= What to do =
Go through the material below and copy each line where the word "define" appears.

* * * * * * * * *

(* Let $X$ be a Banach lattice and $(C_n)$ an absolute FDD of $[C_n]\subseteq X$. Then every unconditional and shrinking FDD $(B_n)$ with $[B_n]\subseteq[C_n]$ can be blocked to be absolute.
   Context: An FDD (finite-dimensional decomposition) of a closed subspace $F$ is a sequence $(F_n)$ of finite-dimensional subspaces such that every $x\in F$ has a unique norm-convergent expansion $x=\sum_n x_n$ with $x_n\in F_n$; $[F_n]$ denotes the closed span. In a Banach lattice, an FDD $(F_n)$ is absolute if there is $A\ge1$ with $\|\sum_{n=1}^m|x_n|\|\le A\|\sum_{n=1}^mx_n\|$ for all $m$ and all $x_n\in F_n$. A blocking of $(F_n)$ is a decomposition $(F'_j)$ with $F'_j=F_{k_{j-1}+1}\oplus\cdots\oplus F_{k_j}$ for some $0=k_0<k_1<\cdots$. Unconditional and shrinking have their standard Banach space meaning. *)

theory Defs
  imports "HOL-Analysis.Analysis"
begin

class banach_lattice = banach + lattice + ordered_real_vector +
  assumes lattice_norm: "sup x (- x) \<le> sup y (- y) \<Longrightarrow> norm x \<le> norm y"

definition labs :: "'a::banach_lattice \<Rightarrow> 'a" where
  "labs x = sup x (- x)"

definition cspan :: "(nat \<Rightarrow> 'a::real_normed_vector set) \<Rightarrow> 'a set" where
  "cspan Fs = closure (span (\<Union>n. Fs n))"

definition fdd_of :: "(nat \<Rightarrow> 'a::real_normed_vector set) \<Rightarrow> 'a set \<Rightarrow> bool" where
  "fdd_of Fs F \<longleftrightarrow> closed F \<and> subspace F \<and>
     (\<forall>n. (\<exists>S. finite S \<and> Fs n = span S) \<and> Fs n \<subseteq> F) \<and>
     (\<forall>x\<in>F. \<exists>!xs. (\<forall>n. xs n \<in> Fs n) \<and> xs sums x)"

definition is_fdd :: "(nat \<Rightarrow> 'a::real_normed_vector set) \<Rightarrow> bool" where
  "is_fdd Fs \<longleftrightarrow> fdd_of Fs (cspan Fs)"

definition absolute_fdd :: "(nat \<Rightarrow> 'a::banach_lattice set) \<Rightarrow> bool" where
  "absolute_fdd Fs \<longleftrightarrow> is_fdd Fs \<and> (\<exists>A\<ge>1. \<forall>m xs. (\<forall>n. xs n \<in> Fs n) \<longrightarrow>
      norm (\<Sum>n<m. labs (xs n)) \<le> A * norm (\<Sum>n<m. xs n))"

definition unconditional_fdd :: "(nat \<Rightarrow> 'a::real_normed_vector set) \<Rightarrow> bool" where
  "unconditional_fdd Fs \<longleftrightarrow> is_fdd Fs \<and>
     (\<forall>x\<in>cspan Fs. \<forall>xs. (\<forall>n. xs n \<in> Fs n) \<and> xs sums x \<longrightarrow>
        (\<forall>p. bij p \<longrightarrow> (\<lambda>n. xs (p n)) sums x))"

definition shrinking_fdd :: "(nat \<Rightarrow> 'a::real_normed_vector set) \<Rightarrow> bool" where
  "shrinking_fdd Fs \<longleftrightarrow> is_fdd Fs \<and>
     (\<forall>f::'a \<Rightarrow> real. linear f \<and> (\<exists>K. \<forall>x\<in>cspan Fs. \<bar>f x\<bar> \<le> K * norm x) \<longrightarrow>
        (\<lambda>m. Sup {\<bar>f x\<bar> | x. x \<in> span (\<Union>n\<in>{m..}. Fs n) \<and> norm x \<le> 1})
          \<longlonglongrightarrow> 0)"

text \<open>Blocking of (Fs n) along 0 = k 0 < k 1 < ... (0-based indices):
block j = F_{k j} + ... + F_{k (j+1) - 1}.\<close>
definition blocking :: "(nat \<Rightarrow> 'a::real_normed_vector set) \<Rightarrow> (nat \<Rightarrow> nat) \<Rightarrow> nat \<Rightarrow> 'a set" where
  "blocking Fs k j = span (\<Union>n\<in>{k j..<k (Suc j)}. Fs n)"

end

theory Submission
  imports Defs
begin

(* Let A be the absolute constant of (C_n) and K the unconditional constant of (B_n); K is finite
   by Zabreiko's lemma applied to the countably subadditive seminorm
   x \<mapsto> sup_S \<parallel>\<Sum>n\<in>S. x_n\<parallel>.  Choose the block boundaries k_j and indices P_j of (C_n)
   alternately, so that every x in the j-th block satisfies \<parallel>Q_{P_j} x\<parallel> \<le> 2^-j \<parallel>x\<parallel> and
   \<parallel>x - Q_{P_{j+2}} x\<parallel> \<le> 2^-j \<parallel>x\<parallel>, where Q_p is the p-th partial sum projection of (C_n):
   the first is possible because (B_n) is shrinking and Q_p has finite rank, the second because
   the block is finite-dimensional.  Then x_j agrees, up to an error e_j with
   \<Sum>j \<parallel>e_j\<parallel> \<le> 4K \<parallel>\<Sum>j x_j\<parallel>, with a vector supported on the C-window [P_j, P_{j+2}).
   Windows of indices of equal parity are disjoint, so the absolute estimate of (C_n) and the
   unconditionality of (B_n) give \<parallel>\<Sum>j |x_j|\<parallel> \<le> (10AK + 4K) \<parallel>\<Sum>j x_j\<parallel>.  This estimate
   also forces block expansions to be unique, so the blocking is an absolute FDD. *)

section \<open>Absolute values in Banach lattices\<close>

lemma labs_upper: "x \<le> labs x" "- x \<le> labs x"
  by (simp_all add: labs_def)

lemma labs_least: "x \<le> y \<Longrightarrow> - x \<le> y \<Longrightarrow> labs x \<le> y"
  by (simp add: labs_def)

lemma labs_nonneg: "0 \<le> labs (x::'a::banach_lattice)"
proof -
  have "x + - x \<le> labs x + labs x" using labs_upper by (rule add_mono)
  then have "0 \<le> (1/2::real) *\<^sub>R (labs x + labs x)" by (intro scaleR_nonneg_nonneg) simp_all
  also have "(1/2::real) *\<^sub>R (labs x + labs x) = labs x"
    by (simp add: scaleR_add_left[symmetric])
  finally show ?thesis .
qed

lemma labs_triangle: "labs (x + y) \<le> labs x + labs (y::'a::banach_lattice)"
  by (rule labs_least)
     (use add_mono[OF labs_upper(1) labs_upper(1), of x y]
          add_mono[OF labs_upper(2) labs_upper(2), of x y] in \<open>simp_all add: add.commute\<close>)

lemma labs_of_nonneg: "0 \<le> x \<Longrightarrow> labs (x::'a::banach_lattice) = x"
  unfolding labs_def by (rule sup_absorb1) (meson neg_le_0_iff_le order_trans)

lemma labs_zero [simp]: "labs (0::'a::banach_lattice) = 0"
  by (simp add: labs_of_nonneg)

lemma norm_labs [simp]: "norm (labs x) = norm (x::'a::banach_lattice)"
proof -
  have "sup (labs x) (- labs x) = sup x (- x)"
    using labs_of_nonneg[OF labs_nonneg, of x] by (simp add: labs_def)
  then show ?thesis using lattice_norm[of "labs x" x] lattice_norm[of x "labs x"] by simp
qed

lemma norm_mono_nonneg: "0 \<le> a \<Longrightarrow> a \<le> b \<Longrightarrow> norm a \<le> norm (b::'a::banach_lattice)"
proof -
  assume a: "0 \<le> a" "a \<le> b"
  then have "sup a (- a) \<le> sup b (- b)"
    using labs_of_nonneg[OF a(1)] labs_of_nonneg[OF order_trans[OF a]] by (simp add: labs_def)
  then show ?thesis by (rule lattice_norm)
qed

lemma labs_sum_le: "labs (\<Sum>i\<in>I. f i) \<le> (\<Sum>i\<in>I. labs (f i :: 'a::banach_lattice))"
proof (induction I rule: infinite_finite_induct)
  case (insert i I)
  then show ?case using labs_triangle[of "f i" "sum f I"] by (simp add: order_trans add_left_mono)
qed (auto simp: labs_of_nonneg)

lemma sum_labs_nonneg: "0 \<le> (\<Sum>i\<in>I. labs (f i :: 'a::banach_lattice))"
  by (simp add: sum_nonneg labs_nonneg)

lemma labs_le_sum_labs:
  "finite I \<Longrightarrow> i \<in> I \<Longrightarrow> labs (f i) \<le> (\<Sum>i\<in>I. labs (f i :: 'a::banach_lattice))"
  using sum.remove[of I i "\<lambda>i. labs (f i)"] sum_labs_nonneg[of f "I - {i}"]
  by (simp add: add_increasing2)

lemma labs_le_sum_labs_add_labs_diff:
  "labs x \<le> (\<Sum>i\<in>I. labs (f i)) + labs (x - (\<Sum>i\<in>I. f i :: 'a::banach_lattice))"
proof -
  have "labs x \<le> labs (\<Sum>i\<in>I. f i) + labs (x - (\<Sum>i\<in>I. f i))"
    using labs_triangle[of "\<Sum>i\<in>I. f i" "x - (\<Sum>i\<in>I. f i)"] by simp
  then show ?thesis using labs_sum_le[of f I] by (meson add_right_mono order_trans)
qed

* * * * * * * * *

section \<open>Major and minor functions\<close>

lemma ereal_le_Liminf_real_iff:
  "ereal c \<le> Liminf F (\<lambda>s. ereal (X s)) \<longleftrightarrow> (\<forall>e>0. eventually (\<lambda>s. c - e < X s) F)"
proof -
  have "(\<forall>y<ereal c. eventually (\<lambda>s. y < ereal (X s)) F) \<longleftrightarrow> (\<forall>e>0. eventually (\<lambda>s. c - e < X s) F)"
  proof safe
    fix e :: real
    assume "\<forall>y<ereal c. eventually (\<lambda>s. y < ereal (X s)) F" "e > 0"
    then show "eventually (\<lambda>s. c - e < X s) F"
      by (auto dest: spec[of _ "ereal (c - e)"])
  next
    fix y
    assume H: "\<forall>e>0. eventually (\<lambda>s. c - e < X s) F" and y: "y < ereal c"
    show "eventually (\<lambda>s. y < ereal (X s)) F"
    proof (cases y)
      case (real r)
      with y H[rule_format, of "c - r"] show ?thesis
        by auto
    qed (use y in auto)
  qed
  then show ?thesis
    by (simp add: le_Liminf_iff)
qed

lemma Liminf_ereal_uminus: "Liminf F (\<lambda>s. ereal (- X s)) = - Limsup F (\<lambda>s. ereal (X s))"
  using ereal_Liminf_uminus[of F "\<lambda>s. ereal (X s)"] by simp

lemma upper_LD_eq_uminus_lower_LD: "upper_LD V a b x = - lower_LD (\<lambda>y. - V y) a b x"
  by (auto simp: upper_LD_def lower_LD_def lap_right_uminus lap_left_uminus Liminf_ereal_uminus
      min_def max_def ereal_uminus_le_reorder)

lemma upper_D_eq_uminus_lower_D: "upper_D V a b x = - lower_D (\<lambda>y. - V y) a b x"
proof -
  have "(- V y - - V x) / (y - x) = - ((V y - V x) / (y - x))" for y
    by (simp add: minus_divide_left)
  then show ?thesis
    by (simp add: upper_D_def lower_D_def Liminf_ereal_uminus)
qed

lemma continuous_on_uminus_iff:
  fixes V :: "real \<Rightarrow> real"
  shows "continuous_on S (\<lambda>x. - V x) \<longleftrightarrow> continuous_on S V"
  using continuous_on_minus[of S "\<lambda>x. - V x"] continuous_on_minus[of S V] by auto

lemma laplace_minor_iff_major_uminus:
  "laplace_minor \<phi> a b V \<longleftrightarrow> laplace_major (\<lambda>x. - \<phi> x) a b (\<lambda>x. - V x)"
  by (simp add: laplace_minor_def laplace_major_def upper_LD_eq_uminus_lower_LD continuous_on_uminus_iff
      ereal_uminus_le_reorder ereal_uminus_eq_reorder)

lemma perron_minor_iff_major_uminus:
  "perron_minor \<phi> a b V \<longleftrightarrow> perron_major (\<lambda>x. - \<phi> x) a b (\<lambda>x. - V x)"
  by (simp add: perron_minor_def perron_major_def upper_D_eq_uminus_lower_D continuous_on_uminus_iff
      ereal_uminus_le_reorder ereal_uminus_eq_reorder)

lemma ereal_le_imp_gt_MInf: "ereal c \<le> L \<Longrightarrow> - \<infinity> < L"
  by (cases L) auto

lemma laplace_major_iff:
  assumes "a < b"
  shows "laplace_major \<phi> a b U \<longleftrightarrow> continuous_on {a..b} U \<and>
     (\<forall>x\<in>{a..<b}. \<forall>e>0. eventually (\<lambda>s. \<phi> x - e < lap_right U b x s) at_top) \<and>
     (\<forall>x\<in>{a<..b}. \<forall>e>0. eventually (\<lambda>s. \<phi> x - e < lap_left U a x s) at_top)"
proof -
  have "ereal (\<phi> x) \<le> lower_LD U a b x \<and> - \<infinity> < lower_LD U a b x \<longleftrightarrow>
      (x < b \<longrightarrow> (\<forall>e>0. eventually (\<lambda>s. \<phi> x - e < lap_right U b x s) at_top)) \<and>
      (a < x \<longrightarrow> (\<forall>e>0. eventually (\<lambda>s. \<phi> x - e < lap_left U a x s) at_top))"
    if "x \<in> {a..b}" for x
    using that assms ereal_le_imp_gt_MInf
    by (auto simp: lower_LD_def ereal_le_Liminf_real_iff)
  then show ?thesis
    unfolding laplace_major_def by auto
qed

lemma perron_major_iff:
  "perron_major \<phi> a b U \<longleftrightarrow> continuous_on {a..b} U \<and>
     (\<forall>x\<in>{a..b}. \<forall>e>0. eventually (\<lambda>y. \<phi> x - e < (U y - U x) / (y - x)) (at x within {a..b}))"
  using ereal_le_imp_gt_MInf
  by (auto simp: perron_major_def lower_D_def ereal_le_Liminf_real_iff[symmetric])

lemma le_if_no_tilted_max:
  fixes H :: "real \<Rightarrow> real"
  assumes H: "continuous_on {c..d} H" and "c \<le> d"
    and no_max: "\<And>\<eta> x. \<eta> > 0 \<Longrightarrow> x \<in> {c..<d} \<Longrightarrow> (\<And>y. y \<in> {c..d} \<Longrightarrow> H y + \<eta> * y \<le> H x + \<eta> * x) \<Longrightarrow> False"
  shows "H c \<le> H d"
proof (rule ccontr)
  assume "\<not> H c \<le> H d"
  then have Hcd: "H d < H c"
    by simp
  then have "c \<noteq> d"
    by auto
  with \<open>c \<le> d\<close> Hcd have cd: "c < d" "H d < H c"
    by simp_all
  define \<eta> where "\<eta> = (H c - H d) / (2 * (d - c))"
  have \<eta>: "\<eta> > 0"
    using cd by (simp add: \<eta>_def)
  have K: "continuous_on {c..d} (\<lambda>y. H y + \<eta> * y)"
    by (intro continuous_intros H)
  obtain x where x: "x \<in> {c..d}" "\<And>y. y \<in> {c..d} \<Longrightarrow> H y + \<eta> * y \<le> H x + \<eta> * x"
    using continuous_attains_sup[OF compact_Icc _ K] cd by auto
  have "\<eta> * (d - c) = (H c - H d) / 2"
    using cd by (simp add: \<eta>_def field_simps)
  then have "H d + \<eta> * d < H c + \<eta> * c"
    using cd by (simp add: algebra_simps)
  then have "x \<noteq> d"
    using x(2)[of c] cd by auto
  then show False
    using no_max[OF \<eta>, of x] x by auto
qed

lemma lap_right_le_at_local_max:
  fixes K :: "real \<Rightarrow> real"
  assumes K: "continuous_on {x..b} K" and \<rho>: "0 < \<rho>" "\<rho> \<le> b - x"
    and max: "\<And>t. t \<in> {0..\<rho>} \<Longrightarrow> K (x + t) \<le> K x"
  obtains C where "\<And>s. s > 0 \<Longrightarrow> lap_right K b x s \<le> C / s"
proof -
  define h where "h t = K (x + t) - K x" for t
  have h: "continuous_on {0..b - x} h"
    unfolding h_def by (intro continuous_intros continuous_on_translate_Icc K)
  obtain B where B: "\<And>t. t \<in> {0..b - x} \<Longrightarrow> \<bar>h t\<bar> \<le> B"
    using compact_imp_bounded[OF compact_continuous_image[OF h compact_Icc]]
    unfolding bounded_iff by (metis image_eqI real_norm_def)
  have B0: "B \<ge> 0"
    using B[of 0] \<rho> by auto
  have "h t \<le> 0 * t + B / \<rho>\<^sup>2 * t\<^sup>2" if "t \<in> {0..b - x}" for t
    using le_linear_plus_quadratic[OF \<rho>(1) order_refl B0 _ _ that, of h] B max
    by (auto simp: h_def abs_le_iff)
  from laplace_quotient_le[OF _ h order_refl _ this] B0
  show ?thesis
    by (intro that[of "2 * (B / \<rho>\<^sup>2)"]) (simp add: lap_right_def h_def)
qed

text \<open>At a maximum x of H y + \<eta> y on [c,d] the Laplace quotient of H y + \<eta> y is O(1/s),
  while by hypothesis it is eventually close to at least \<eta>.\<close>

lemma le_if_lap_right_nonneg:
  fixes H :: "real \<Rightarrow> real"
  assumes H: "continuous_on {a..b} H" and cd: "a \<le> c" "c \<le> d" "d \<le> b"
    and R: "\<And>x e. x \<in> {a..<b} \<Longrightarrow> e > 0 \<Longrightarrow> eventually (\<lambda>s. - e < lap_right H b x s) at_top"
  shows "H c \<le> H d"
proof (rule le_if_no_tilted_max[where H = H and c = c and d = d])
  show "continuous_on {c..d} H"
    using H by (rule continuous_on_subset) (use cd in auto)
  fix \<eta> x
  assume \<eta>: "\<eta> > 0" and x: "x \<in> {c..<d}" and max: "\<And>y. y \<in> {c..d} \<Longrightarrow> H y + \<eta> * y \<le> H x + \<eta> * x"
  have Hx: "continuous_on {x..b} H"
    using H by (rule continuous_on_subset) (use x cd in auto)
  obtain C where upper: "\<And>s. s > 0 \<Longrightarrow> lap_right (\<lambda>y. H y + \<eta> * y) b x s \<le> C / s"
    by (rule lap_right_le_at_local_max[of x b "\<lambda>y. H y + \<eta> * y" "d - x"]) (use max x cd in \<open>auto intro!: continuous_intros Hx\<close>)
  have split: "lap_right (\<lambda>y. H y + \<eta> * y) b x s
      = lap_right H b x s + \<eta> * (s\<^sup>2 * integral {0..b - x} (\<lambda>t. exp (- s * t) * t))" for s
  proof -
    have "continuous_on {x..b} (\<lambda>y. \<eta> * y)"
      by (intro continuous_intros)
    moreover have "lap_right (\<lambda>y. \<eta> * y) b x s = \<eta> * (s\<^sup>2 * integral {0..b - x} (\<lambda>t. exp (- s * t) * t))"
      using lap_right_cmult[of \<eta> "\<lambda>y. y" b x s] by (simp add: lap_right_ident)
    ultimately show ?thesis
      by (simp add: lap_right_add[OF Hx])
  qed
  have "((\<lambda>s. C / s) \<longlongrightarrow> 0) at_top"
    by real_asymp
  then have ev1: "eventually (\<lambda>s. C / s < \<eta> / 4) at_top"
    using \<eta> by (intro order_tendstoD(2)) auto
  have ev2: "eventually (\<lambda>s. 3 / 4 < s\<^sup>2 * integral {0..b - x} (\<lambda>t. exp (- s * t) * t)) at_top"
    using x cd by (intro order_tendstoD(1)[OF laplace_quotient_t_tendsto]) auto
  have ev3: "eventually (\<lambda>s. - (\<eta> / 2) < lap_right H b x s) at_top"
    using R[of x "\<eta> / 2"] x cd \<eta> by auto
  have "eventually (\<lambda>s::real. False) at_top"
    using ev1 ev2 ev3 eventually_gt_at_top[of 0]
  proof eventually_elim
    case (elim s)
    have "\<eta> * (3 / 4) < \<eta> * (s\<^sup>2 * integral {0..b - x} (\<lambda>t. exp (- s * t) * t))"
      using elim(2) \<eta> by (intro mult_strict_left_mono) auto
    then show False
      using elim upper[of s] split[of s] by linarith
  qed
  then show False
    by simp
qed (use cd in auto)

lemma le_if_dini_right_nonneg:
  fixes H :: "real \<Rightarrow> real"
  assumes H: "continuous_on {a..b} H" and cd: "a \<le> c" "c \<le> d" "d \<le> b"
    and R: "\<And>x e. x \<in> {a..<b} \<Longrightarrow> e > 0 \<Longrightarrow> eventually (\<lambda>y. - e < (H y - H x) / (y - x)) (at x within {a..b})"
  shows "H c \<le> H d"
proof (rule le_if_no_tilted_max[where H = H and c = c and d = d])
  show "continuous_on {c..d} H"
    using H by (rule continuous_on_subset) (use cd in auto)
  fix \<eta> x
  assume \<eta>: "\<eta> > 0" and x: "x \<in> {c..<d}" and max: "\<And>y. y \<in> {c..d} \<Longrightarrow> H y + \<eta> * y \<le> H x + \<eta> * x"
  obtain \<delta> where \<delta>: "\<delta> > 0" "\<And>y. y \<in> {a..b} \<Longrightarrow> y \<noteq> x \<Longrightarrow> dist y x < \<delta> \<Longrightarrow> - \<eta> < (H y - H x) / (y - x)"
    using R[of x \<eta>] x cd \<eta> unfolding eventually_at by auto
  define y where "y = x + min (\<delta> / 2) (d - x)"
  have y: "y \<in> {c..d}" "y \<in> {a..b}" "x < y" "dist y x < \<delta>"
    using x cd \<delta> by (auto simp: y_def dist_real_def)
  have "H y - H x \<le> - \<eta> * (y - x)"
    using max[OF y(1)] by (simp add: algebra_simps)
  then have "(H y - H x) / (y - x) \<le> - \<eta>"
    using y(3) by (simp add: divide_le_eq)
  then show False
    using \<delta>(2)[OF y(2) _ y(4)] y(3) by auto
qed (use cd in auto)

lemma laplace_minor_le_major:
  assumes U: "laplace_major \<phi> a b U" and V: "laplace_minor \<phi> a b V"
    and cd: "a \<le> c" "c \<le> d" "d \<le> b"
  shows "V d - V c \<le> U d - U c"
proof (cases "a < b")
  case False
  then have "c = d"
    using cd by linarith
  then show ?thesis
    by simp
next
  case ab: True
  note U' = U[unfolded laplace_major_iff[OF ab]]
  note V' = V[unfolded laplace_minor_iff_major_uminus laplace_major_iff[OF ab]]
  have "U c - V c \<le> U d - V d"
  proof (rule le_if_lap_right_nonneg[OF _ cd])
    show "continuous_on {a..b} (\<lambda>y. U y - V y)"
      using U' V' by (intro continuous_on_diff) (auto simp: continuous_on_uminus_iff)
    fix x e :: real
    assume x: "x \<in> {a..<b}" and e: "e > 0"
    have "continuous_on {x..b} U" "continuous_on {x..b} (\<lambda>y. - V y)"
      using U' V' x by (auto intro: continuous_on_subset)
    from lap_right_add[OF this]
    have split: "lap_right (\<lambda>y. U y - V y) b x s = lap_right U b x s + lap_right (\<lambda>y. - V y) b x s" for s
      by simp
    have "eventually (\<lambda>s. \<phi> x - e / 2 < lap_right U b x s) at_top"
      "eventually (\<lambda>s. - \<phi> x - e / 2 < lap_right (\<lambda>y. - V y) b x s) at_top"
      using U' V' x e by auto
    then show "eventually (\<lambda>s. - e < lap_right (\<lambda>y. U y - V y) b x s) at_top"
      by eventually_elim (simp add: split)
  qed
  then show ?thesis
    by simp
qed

* * * * * * * * *

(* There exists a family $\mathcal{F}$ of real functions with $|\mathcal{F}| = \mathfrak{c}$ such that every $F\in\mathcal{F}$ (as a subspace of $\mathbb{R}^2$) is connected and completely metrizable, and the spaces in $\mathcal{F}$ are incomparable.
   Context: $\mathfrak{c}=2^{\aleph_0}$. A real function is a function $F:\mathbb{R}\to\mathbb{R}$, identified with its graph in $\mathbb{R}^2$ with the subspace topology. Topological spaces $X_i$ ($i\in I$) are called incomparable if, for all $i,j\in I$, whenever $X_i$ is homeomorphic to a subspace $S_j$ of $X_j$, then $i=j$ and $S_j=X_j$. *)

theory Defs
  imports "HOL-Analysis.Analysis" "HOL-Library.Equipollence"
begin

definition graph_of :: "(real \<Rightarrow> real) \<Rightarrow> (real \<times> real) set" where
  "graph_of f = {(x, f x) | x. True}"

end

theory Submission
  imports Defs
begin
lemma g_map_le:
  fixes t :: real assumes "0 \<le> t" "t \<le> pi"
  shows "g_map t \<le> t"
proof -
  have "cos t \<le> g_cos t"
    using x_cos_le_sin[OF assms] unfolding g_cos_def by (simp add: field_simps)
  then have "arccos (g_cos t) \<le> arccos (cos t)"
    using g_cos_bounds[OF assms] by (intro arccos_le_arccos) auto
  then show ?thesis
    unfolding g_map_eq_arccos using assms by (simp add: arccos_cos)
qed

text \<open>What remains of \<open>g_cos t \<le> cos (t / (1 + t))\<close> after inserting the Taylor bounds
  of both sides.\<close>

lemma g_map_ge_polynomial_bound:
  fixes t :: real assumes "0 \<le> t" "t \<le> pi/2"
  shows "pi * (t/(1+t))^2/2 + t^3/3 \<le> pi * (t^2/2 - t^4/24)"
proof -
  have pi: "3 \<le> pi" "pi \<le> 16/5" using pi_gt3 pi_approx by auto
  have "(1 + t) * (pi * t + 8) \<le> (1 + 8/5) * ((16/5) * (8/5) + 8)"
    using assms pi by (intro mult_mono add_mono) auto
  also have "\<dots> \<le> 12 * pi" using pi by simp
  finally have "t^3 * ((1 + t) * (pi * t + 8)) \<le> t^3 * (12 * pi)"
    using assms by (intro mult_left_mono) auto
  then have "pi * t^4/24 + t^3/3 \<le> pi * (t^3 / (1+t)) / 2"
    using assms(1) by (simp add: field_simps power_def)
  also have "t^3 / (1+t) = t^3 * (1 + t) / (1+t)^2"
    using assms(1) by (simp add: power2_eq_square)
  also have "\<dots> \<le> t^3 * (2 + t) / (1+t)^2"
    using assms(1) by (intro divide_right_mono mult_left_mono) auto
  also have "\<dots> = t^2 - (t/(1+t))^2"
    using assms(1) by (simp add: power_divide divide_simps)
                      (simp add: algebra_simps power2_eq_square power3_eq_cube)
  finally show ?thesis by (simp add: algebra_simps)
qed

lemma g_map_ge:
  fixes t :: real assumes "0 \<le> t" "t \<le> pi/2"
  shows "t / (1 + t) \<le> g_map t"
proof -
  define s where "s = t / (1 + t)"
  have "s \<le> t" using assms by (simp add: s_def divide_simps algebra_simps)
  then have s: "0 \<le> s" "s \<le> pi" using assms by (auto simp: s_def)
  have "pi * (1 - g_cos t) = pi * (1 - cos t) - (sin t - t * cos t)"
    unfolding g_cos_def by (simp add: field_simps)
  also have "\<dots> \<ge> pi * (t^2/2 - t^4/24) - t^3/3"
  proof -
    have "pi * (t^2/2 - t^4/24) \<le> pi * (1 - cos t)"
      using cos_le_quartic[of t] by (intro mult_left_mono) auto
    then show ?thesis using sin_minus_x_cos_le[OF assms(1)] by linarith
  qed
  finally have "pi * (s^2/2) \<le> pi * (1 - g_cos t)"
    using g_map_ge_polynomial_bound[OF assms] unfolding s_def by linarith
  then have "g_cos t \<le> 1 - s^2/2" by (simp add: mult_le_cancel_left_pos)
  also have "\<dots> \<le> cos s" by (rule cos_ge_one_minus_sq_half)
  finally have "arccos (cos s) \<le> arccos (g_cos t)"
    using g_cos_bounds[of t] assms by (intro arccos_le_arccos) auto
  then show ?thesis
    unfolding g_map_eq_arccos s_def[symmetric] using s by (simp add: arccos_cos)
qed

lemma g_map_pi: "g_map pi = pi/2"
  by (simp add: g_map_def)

* * * * * * * * *

= Written solution =
  define \<eta> where "\<eta> = (H c - H d) / (2 * (d - c))"
  define h where "h t = K (x + t) - K x" for t
  define y where "y = x + min (\<delta> / 2) (d - x)"
  define s where "s = t / (1 + t)"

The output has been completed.